Der zweite Lesetag beim Bachmannbewerb

1003 Minuten umfasst der Bachmannbewerb dieses Jahr. Und die erste große Favoritin ist Ana Marwan, die auf Deutsch und Slowenisch schreibt und heute Abend live in Top FM4 zu Gast sein wird.

Von Maria Motter

Niedliche, schwarze Widder drängen sich um Ana Marwan in ihrem Videoporträt und sie tanzt. „Hier tanzt die Sprache in diesem Text“, ist die Bachmannbewerb-Juryvorsitzende Insa Wilke nach Ana Marwans Lesung von „Wechselkröte“ begeistert. Ana Marwan ist die erste große Favoritin bei den 46. Tagen der deutschsprachigen Literatur. Eine Frau ist in ihrem Text auf sich zurückgeworfen in einem Haus, das Freundinnen zu entlegen ist für einen Besuch, wo sie die Dinge für sich in Ordnung bringen will. Der letzte Satz eröffnet dann noch unterschiedliche Perspektiven, je nach Interpretationswillen. Und Ana Marwan findet das sehr schön, wenn jeder Lesende etwas anderes in ihrem Text sieht.

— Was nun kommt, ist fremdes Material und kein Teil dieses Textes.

lemma kernel_integral_bound:
  assumes "carleson s \<mu>" "0 \<le> \<gamma>" "\<gamma> < s" "s < \<gamma> + a"
  obtains C where
    "\<And>h. 0 < h \<Longrightarrow> h \<le> 1 \<Longrightarrow> integrable \<mu> (\<lambda>t. (1 - t) powr (-\<gamma>) * (h + (1 - t)) powr (-a))"
    "\<And>h. 0 < h \<Longrightarrow> h \<le> 1 \<Longrightarrow>
       (\<integral>t. (1 - t) powr (-\<gamma>) * (h + (1 - t)) powr (-a) \<partial>\<mu>) \<le> C * h powr (s - \<gamma> - a)"
proof -
  obtain K where K: "\<forall>t\<in>{0..<1}. measure \<mu> {t..<1} \<le> K * (1 - t) powr s"
    using carleson_uniform_bound[OF assms(1)] assms(2,3) by auto
  have K0: "0 \<le> K" using K[rule_format, of 0] measure_nonneg[of \<mu> "{0..<1}"] by (simp del: measure_nonneg)
  obtain B where B: "0 \<le> B"
    "\<And>n. summable (\<lambda>k. 2 powr (real (Suc k) * \<gamma> + real (min (Suc k) (Suc n)) * a) * 2 powr (- real k * s))"
    "\<And>n h. 0 < h \<Longrightarrow> h \<le> (1/2)^n \<Longrightarrow>
       (\<Sum>k. 2 powr (real (Suc k) * \<gamma> + real (min (Suc k) (Suc n)) * a) * 2 powr (- real k * s))
         \<le> B * h powr (s - \<gamma> - a)"
    using dyadic_kernel_series[OF assms(3,4)] by blast
  define g where "g h t = (1 - t) powr (-\<gamma>) * (h + (1 - t)) powr (-a)" for h t :: real
  have g: "g h \<in> borel_measurable \<mu>" "0 \<le> g h t" for h t
    unfolding g_def by (auto intro: borel_measurable_of_borel)
  have a: "0 < a" using assms by linarith
  have bound: "integrable \<mu> (g h) \<and> integral\<^sup>L \<mu> (g h) \<le> K * B * h powr (s - \<gamma> - a)"
    if h: "0 < h" "h \<le> 1" for h
  proof -
    obtain n where n: "(1/2)^Suc n < h" "h \<le> (1/2)^n" using dyadic_bracket[OF h] .
    define c where "c k = 2 powr (real (Suc k) * \<gamma> + real (min (Suc k) (Suc n)) * a)" for k
    have layer: "\<exists>k. 1 - (1/2)^k \<le> t \<and> g h t \<le> c k" if t: "t \<in> {0..<1}" for t
    proof -
      obtain k where k: "(1/2)^Suc k < 1 - t" "1 - t \<le> (1/2)^k"
        using dyadic_bracket[of "1 - t"] t by auto
      then have "g h t \<le> c k"
        unfolding g_def c_def using kernel_le_dyadic_layer[OF assms(2) a k(1) n(1)] by (simp add: add.commute)
      moreover have "1 - (1/2)^k \<le> t" using k(2) by simp
      ultimately show ?thesis by blast
    qed
    have sum: "integrable \<mu> (g h)" "integral\<^sup>L \<mu> (g h) \<le> K * (\<Sum>k. c k * 2 powr (- real k * s))"
      using integral_le_dyadic_series[OF K _ _ g(1) _ layer] B(2) by (auto simp: c_def g(2))
    have "(\<Sum>k. c k * 2 powr (- real k * s)) \<le> B * h powr (s - \<gamma> - a)"
      unfolding c_def by (rule B(3)[OF h(1) n(2)])
    then have "K * (\<Sum>k. c k * 2 powr (- real k * s)) \<le> K * (B * h powr (s - \<gamma> - a))"
      using K0 by (rule mult_left_mono)
    then show ?thesis using sum by (simp add: mult.assoc)
  qed
  show ?thesis
  proof (rule that[of "K * B"])
    fix h :: real assume "0 < h" "h \<le> 1"
    then show "integrable \<mu> (\<lambda>t. (1 - t) powr (-\<gamma>) * (h + (1 - t)) powr (-a))"
      and "(\<integral>t. (1 - t) powr (-\<gamma>) * (h + (1 - t)) powr (-a) \<partial>\<mu>) \<le> K * B * h powr (s - \<gamma> - a)"
      using bound unfolding g_def by blast+
  qed
qed

lemma tail_measure_le_moment:
  assumes "0 \<le> t"
  shows "t ^ n * measure \<mu> {t..<1} \<le> moment \<mu> n"
proof -
  have A: "{t..<1} \<in> sets \<mu>" using tail_in_sets[OF assms] .
  have "t ^ n * measure \<mu> {t..<1} = (\<integral>x. indicator {t..<1} x * t ^ n \<partial>\<mu>)"
    using A space_eq assms by (simp add: Int_absorb2)
  also have "\<dots> \<le> (\<integral>x. x ^ n \<partial>\<mu>)"
  proof (rule integral_mono[OF _ integrable_power])
    show "integrable \<mu> (\<lambda>x. indicator {t..<1} x * t ^ n)"
      using A by (intro integrable_mult_left integrable_real_indicator) (auto simp: less_top[symmetric])
    show "indicator {t..<1} x * t ^ n \<le> x ^ n" if "x \<in> space \<mu>" for x
      using that space_eq assms by (auto simp: indicator_def intro: power_mono)
  qed
  finally show ?thesis unfolding moment_def .
qed

lemma moments_bigo_of_carleson:
  assumes "carleson s \<mu>" "0 < s"
  shows "(\<lambda>n. moment \<mu> n) \<in> O(\<lambda>n. 1 / real n powr s)"
proof -
  define m :: nat where "m = nat \<lceil>s\<rceil> + 1"
  have m: "s < real m" "1 \<le> m" unfolding m_def using assms(2) by linarith+
  define G where "G h t = (1 - t) powr (-0) * (h + (1 - t)) powr (- real m)" for h t :: real
  have "s < 0 + real m" using m by simp
  then obtain C where C: "\<And>h. 0 < h \<Longrightarrow> h \<le> 1 \<Longrightarrow> integrable \<mu> (G h)"
    "\<And>h. 0 < h \<Longrightarrow> h \<le> 1 \<Longrightarrow> integral\<^sup>L \<mu> (G h) \<le> C * h powr (s - 0 - real m)"
    using kernel_integral_bound[OF assms(1) order_refl assms(2)] unfolding G_def by blast
  have "moment \<mu> n \<le> (2 * real m) ^ m * C * (1 / real n powr s)" if n: "m \<le> n" for n
  proof -
    define h where "h = 1 / real n"
    have npos: "0 < real n" using n m by simp
    have h: "0 < h" "h \<le> 1" using npos n m by (auto simp: h_def)
    have "t ^ n \<le> (2 * real m) ^ m / real n ^ m * G h t" if "t \<in> space \<mu>" for t
      using power_le_kernel[of t m n] that space_eq m n by (auto simp: G_def h_def)
    then have "moment \<mu> n \<le> (\<integral>t. (2 * real m) ^ m / real n ^ m * G h t \<partial>\<mu>)"
      unfolding moment_def using C(1)[OF h] by (intro integral_mono integrable_power integrable_mult_right)
    also have "\<dots> = (2 * real m) ^ m / real n ^ m * integral\<^sup>L \<mu> (G h)"
      by (rule integral_mult_right_zero)
    also have "\<dots> \<le> (2 * real m) ^ m / real n ^ m * (C * h powr (s - 0 - real m))"
      by (intro mult_left_mono C(2)[OF h]) simp
    also have "h powr (s - 0 - real m) = real n ^ m / real n powr s"
      using npos by (simp add: h_def powr_divide powr_diff powr_realpow)
    finally show ?thesis using npos by simp
  qed
  moreover have "0 \<le> moment \<mu> n" for n
    unfolding moment_def using space_eq by (intro integral_nonneg_AE AE_I2) auto
  ultimately have "eventually (\<lambda>n. norm (moment \<mu> n) \<le> (2 * real m) ^ m * C * norm (1 / real n powr s)) sequentially"
    unfolding eventually_sequentially by (intro exI[of _ m]) auto
  then show ?thesis by (rule bigoI)
qed

lemma carleson_of_moments_bigo:
  assumes "(\<lambda>n. moment \<mu> n) \<in> O(\<lambda>n. 1 / real n powr s)" "0 < s"
  shows "carleson s \<mu>"
proof -
  obtain c where "0 < c" "eventually (\<lambda>n. norm (moment \<mu> n) \<le> c * norm (1 / real n powr s)) sequentially"
    using assms(1) by (elim landau_o.bigE)
  then obtain N where N: "\<And>n. n \<ge> N \<Longrightarrow> norm (moment \<mu> n) \<le> c * norm (1 / real n powr s)"
    unfolding eventually_sequentially by blast
  have "measure \<mu> {t..<1} \<le> 2 * c * 4 powr s * (1 - t) powr s"
    if t: "1 - 1 / (4 * (real N + 1)) < t" "t < 1" for t
  proof -
    define y where "y = 1 - t"
    have y: "0 < y" "4 * y * (real N + 1) < 1" using t by (auto simp: y_def field_simps)
    have "4 * y \<le> 4 * y * (real N + 1)" using mult_left_mono[of 1 "real N + 1" "4 * y"] y by simp
    then have "y \<le> 1/4" using y by linarith
    \<comment> \<open>the moment of order \<open>n \<approx> 1 / (2 y)\<close> sees at least half of the tail mass\<close>
    define n where "n = nat \<lfloor>1 / (2 * y)\<rfloor>"
    have n: "1/2 \<le> t ^ n" "1 / (4 * y) \<le> real n"
      using half_le_power_at_scale[OF y(1) \<open>y \<le> 1/4\<close>] by (simp_all add: n_def y_def)
    moreover have "real N + 1 < 1 / (4 * y)" using y by (simp add: field_simps)
    ultimately have "N \<le> n" "0 < 1 / (4 * y)" "0 < real n" by linarith+
    have "measure \<mu> {t..<1} / 2 \<le> t ^ n * measure \<mu> {t..<1}"
      using mult_right_mono[OF n(1), of "measure \<mu> {t..<1}"] by simp
    also have "\<dots> \<le> moment \<mu> n" using tail_measure_le_moment \<open>y \<le> 1/4\<close> by (simp add: y_def)
    also have "\<dots> \<le> c / real n powr s" using N[OF \<open>N \<le> n\<close>] by (simp add: abs_le_iff)
    also have "\<dots> \<le> c / (1 / (4 * y)) powr s"
      using \<open>0 < c\<close> n(2) \<open>0 < 1 / (4 * y)\<close> \<open>0 < real n\<close> assms(2) by (intro divide_left_mono powr_mono2 mult_pos_pos) auto
    also have "\<dots> = c * 4 powr s * y powr s"
      using y by (simp add: powr_divide powr_mult)
    finally show ?thesis by (simp add: y_def)
  qed
  then have "eventually (\<lambda>t. norm (measure \<mu> {t..<1}) \<le> 2 * c * 4 powr s * norm ((1 - t) powr s)) (at_left 1)"
    unfolding eventually_at_left_field by (intro exI[of _ "1 - 1 / (4 * (real N + 1))"]) auto
  then show ?thesis unfolding carleson_def by (rule bigoI)
qed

Sie denke nicht in Worten, sondern in Konzepten, die sie normalerweise nicht in ihrem Kopf verbalisiere, sagt Ana Marwan im FM4-Interview mit Zita Bereuter auf die Frage, wie sie entscheide, in welcher Sprache sie schreibe. Ihren Debütroman „Der Kreis des Weberknechts“ hat sie auf Deutsch geschrieben, den 2021 veröffentlichten Roman „Zabubljena“ auf Slowenisch. Ana Marwan ist in Slowenien aufgewachsen und hatte Deutsch in der Schule als Pflichtfach. Die Mehrsprachigkeit in jungen Jahren teilt sie mit den beiden weiteren lesenden Autoren dieses Vormittags, Behzad Karim Khani und Usama Al Shahmani.

Ana Marwan beim Bachmannbewerb im Garten bei ihrer Lesung.

Johannes Puch

Ana Marwan hat den zweiten Lesetag bei den 46. Tagen der deutschsprachigen Literatur eröffnet.

Heute Abend in Top FM4, live ab 19.00, zu Gast: Ana Marwan und Elias Hirschl, zwei der diesjährigen Kandidat*innen beim Bachmannbewerb.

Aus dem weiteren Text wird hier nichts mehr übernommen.